* Required action: Return the lines of the data below exactly. Start at the first and end with the line containing "using hom x".

____ Excerpted data

lemma orbit_coeff_compose_inv:
  assumes hom: "\<forall>x\<in>Sym d. \<forall>y\<in>Sym d. rho (x \<circ> y) = rho x ** rho y" and w: "w \<in> Sym d"
  shows "orbit_coeff d rho (th \<circ> inv w) u (rho w *v v) = orbit_coeff d rho th u v"
proof -
  have wp: "w permutes {..<d}"
    using w by (simp add: Sym_def)
  have "orbit_coeff d rho th u v
      = (\<Sum>x\<in>Sym d. if th \<circ> inv (x \<circ> w) = u then rho (x \<circ> w) *v v else 0)"
    unfolding orbit_coeff_def Sym_def by (rule sum_permutations_compose_right[OF wp])
  also have "\<dots> = orbit_coeff d rho (th \<circ> inv w) u (rho w *v v)"
    unfolding orbit_coeff_def
  proof (rule sum.cong[OF refl])
    fix x assume x: "x \<in> Sym d"
    have "inv (x \<circ> w) = inv w \<circ> inv x"
      using x wp by (simp add: Sym_def o_inv_distrib permutes_bij)
    moreover have "rho (x \<circ> w) *v v = rho x *v (rho w *v v)"
      using hom x w by (simp add: matrix_vector_mul_assoc)
    ultimately show "(if th \<circ> inv (x \<circ> w) = u then rho (x \<circ> w) *v v else 0)
        = (if th \<circ> inv w \<circ> inv x = u then rho x *v (rho w *v v) else 0)"
      by (simp add: o_assoc)
  qed
  finally show ?thesis ..
qed

lemma orbit_coeff_stabiliser:
  assumes hom: "\<forall>x\<in>Sym d. \<forall>y\<in>Sym d. rho (x \<circ> y) = rho x ** rho y"
    and w: "w \<in> Sym d" and th: "th \<circ> w = th"
  shows "orbit_coeff d rho th u (rho w *v v) = orbit_coeff d rho th u v"
proof -
  have "th \<circ> inv w = th"
    using w th by (metis Sym_def mem_Collect_eq permutes_inv_o(1) o_assoc o_id)
  then show ?thesis
    using orbit_coeff_compose_inv[OF hom w, of th] by simp
qed

lemma sum_orbit_coeff_update:
  "(\<Sum>j\<in>{j. j < d \<and> u j = \<alpha>}. orbit_coeff d rho th (u(j := \<beta>)) v)
     = (\<Sum>q\<in>{q. q < d \<and> th q = \<beta>}. orbit_coeff d rho (th(q := \<alpha>)) u v)"
proof -
  have "(\<Sum>j\<in>{j. j < d \<and> u j = \<alpha>}. if th \<circ> inv x = u(j := \<beta>) then rho x *v v else 0)
      = (\<Sum>q\<in>{q. q < d \<and> th q = \<beta>}. if th(q := \<alpha>) \<circ> inv x = u then rho x *v v else 0)"
    if x: "x \<in> Sym d" for x
  proof -
    have xp: "x permutes {..<d}"
      using x by (simp add: Sym_def)
    have "(\<Sum>j\<in>{j. j < d \<and> u j = \<alpha>}. if th \<circ> inv x = u(j := \<beta>) then rho x *v v else 0)
        = (\<Sum>j<d. if u j = \<alpha> \<and> th \<circ> inv x = u(j := \<beta>) then rho x *v v else 0)"
      by (simp add: sum.inter_filter[symmetric] conj_commute if_distrib cong: if_cong)
    also have "\<dots> = (\<Sum>q<d. if u (x q) = \<alpha> \<and> th \<circ> inv x = u(x q := \<beta>) then rho x *v v else 0)"
      using sum.permute[OF xp] by (simp add: comp_def)
    also have "\<dots> = (\<Sum>q<d. if th q = \<beta> \<and> th(q := \<alpha>) \<circ> inv x = u then rho x *v v else 0)"
      using comp_inv_update_eq_iff[OF permutes_bij[OF xp], of u _ \<alpha> th \<beta>] by simp
    also have "\<dots> = (\<Sum>q\<in>{q. q < d \<and> th q = \<beta>}. if th(q := \<alpha>) \<circ> inv x = u then rho x *v v else 0)"
      by (simp add: sum.inter_filter[symmetric] conj_commute if_distrib cong: if_cong)
    finally show ?thesis .
  qed
  then show ?thesis
    unfolding orbit_coeff_def by (subst (1 2) sum.swap) (rule sum.cong, simp_all)
qed

lemma sum_orbit_coeff_update_invariant:
  assumes hom: "\<forall>x\<in>Sym d. \<forall>y\<in>Sym d. rho (x \<circ> y) = rho x ** rho y"
    and p: "p < d" "th p = \<beta>"
    and v: "\<And>q. q < d \<Longrightarrow> th q = \<beta> \<Longrightarrow> rho (Transposition.transpose p q) *v v = v"
  shows "(\<Sum>j\<in>{j. j < d \<and> u j = \<alpha>}. orbit_coeff d rho th (u(j := \<beta>)) v)
       = of_nat (card {q. q < d \<and> th q = \<beta>}) *s orbit_coeff d rho (th(p := \<alpha>)) u v"
proof -
  have "orbit_coeff d rho (th(q := \<alpha>)) u v = orbit_coeff d rho (th(p := \<alpha>)) u v"
    if q: "q < d" "th q = \<beta>" for q
  proof -
    define \<tau> where "\<tau> = Transposition.transpose p q"
    have \<tau>: "\<tau> \<in> Sym d"
      using p q by (simp add: \<tau>_def Sym_def permutes_swap_id)
    have "th(q := \<alpha>) = th(p := \<alpha>) \<circ> inv \<tau>"
      using p q by (auto simp: \<tau>_def fun_eq_iff Transposition.transpose_def)
    moreover have "rho \<tau> *v v = v"
      using v[OF q] by (simp add: \<tau>_def)
    ultimately have "orbit_coeff d rho (th(q := \<alpha>)) u v
        = orbit_coeff d rho (th(p := \<alpha>) \<circ> inv \<tau>) u (rho \<tau> *v v)"
      by simp
    also have "\<dots> = orbit_coeff d rho (th(p := \<alpha>)) u v"
      by (rule orbit_coeff_compose_inv[OF hom \<tau>])
    finally show ?thesis .
  qed
  then show ?thesis
    by (simp add: sum_orbit_coeff_update sum_vector_const del: sum_constant)
qed

lemma orbit_coeff_young_sum:
  assumes hom: "\<forall>x\<in>Sym d. \<forall>y\<in>Sym d. rho (x \<circ> y) = rho x ** rho y"
    and c: "c \<in> compositions n d"
  shows "orbit_coeff d rho (thetaw d c) u (\<Sum>w\<in>young n d c. rho w *v v)
       = of_nat (card (young n d c)) *s orbit_coeff d rho (thetaw d c) u v"
proof -
  have "orbit_coeff d rho (thetaw d c) u (rho w *v v) = orbit_coeff d rho (thetaw d c) u v"
    if w: "w \<in> young n d c" for w
    using orbit_coeff_stabiliser[OF hom] young_subset_Sym thetaw_comp_young[OF c w] w by blast
  then show ?thesis
    by (simp add: orbit_coeff_sum sum_vector_const del: sum_constant)
qed

lemma Phi_single:
  assumes c: "c \<in> compositions n d"
  shows "Phi n d rho (single c v) u = (1 / of_nat (card (Sym d))) *s orbit_coeff d rho (thetaw d c) u v"
proof -
  have "Phi_c d rho c' 0 u = 0" for c'
    unfolding Phi_c_def by (simp only: matrix_vector_mult_0_right) simp
  then have "Phi n d rho (single c v) u = (\<Sum>c'\<in>compositions n d. if c' = c then Phi_c d rho c v u else 0)"
    unfolding Phi_def single_def by (intro sum.cong) auto
  also have "\<dots> = Phi_c d rho c v u"
    using c finite_compositions by simp
  finally show ?thesis
    unfolding Phi_c_def orbit_coeff_def .
qed

(* the matrix unit theta_beta |-> theta_alpha, acting on E^{\<otimes>d} as a derivation *)
definition matrix_unit_op :: "nat \<Rightarrow> nat \<Rightarrow> nat \<Rightarrow> ('m::finite) tens \<Rightarrow> 'm tens" where
  "matrix_unit_op d \<alpha> \<beta> T = (\<lambda>u. \<Sum>j\<in>{j. j < d \<and> u j = \<alpha>}. T (u(j := \<beta>)))"

lemma Eop_eq_matrix_unit_op: "Eop d a = matrix_unit_op d a (Suc a)"
  unfolding Eop_def matrix_unit_op_def ..

lemma Fop_eq_matrix_unit_op: "Fop d a = matrix_unit_op d (Suc a) a"
  unfolding Fop_def matrix_unit_op_def ..

lemma matrix_unit_op_Phi_single:
  assumes rep: "is_Sd_rep d rho"
    and c: "c \<in> compositions n d" and c': "c' \<in> compositions n d"
    and v: "v \<in> invariants rho (young n d c)"
    and p: "p < d" "thetaw d c p = \<beta>" and \<beta>: "\<beta> < n"
    and c'_thetaw: "thetaw d c' = (thetaw d c)(p := \<alpha>)"
  shows "matrix_unit_op d \<alpha> \<beta> (Phi n d rho (single c v))
       = Phi n d rho (single c' (of_nat (c \<beta>) *s ((1 / of_nat (card (young n d c'))) *s
                                   (\<Sum>w\<in>young n d c'. rho w *v v))))"
    (is "?lhs = ?rhs")
proof
  fix u
  have hom: "\<forall>x\<in>Sym d. \<forall>y\<in>Sym d. rho (x \<circ> y) = rho x ** rho y"
    using rep by (simp add: is_Sd_rep_def)
  have v_transpose: "rho (Transposition.transpose p q) *v v = v" if "q < d" "thetaw d c q = \<beta>" for q
  proof -
    have "p \<in> block c \<beta>" "q \<in> block c \<beta>"
      using p that thetaw_eq_iff_in_block[OF c] by auto
    then show ?thesis
      using v transpose_in_young[OF c \<beta>] by (simp add: invariants_def)
  qed
  have young_nonempty: "card (young n d c') \<noteq> 0"
    using finite_young id_in_young by (metis card_0_eq empty_iff)
  let ?N = "1 / of_nat (card (Sym d)) :: complex"
  have "?lhs u = ?N *s (\<Sum>j\<in>{j. j < d \<and> u j = \<alpha>}. orbit_coeff d rho (thetaw d c) (u(j := \<beta>)) v)"
    by (simp add: matrix_unit_op_def Phi_single[OF c] sum_cmul)
  also have "\<dots> = ?N *s (of_nat (c \<beta>) *s orbit_coeff d rho (thetaw d c') u v)"
    using sum_orbit_coeff_update_invariant[where th = "thetaw d c", OF hom p v_transpose]
    by (simp add: card_thetaw_fiber[OF c \<beta>] c'_thetaw)
  also have "\<dots> = ?rhs u"
    using young_nonempty
    by (simp add: Phi_single[OF c'] orbit_coeff_scale orbit_coeff_young_sum[OF hom c'] vector_smult_assoc)
  finally show "?lhs u = ?rhs u" .
qed

theorem mainTheorem3:
  fixes rho :: "(nat \<Rightarrow> nat) \<Rightarrow> complex ^ 'm::finite ^ 'm"
    and n d a :: nat and c :: "nat \<Rightarrow> nat" and v :: "complex ^ 'm"
  assumes "n \<ge> 1" and "d \<ge> 1"
    and rep: "is_Sd_rep d rho"
    and comp: "c \<in> compositions n d"
    and a: "Suc a < n"
    and v: "v \<in> invariants rho (young n d c)"
  shows "(Suc 0 \<le> c (Suc a) \<longrightarrow>
      (let u = of_nat (c (Suc a)) *s ((1 / of_nat (card (young n d (etil a c)))) *s
                 (\<Sum>w\<in>young n d (etil a c). rho w *v v))
       in u \<in> invariants rho (young n d (etil a c)) \<and>
          Eop d a (Phi n d rho (single c v)) = Phi n d rho (single (etil a c) u))) \<and>
    (Suc 0 \<le> c a \<longrightarrow>
      (let u = of_nat (c a) *s ((1 / of_nat (card (young n d (ftil a c)))) *s
                 (\<Sum>w\<in>young n d (ftil a c). rho w *v v))
       in u \<in> invariants rho (young n d (ftil a c)) \<and>
          Fop d a (Phi n d rho (single c v)) = Phi n d rho (single (ftil a c) u)))"
proof (intro conjI impI)
  assume "Suc 0 \<le> c (Suc a)"
  then have ca: "1 \<le> c (Suc a)"
    by simp
  note thetaw = thetaw_etil[OF comp a ca]
  show "let u = of_nat (c (Suc a)) *s ((1 / of_nat (card (young n d (etil a c)))) *s
                 (\<Sum>w\<in>young n d (etil a c). rho w *v v))
       in u \<in> invariants rho (young n d (etil a c)) \<and>
          Eop d a (Phi n d rho (single c v)) = Phi n d rho (single (etil a c) u)"
    unfolding Let_def Eop_eq_matrix_unit_op
    using invariants_scale[OF invariants_scale[OF young_sum_in_invariants[OF rep]]]
      matrix_unit_op_Phi_single[OF rep comp etil_in_compositions[OF comp a ca] v thetaw(1,2) a thetaw(3)]
    by blast
next
  assume "Suc 0 \<le> c a"
  then have ca: "1 \<le> c a"
    by simp
  note thetaw = thetaw_ftil[OF comp a ca]
  show "let u = of_nat (c a) *s ((1 / of_nat (card (young n d (ftil a c)))) *s
                 (\<Sum>w\<in>young n d (ftil a c). rho w *v v))
       in u \<in> invariants rho (young n d (ftil a c)) \<and>
          Fop d a (Phi n d rho (single c v)) = Phi n d rho (single (ftil a c) u)"
    unfolding Let_def Fop_eq_matrix_unit_op
    using invariants_scale[OF invariants_scale[OF young_sum_in_invariants[OF rep]]]
      matrix_unit_op_Phi_single[OF rep comp ftil_in_compositions[OF comp a ca] v thetaw(1,2) Suc_lessD[OF a] thetaw(3)]
    by blast
qed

________

* Answer section:
lemma orbit_coeff_compose_inv:
  assumes hom: "\<forall>x\<in>Sym d. \<forall>y\<in>Sym d. rho (x \<circ> y) = rho x ** rho y" and w: "w \<in> Sym d"
  shows "orbit_coeff d rho (th \<circ> inv w) u (rho w *v v) = orbit_coeff d rho th u v"
proof -
  have wp: "w permutes {..<d}"
    using w by (simp add: Sym_def)
  have "orbit_coeff d rho th u v
      = (\<Sum>x\<in>Sym d. if th \<circ> inv (x \<circ> w) = u then rho (x \<circ> w) *v v else 0)"
    unfolding orbit_coeff_def Sym_def by (rule sum_permutations_compose_right[OF wp])
  also have "\<dots> = orbit_coeff d rho (th \<circ> inv w) u (rho w *v v)"
    unfolding orbit_coeff_def
  proof (rule sum.cong[OF refl])
    fix x assume x: "x \<in> Sym d"
    have "inv (x \<circ> w) = inv w \<circ> inv x"
      using x wp by (simp add: Sym_def o_inv_distrib permutes_bij)
    moreover have "rho (x \<circ> w) *v v = rho x *v (rho w *v v)"
      using hom x w by (simp add: matrix_vector_mul_assoc)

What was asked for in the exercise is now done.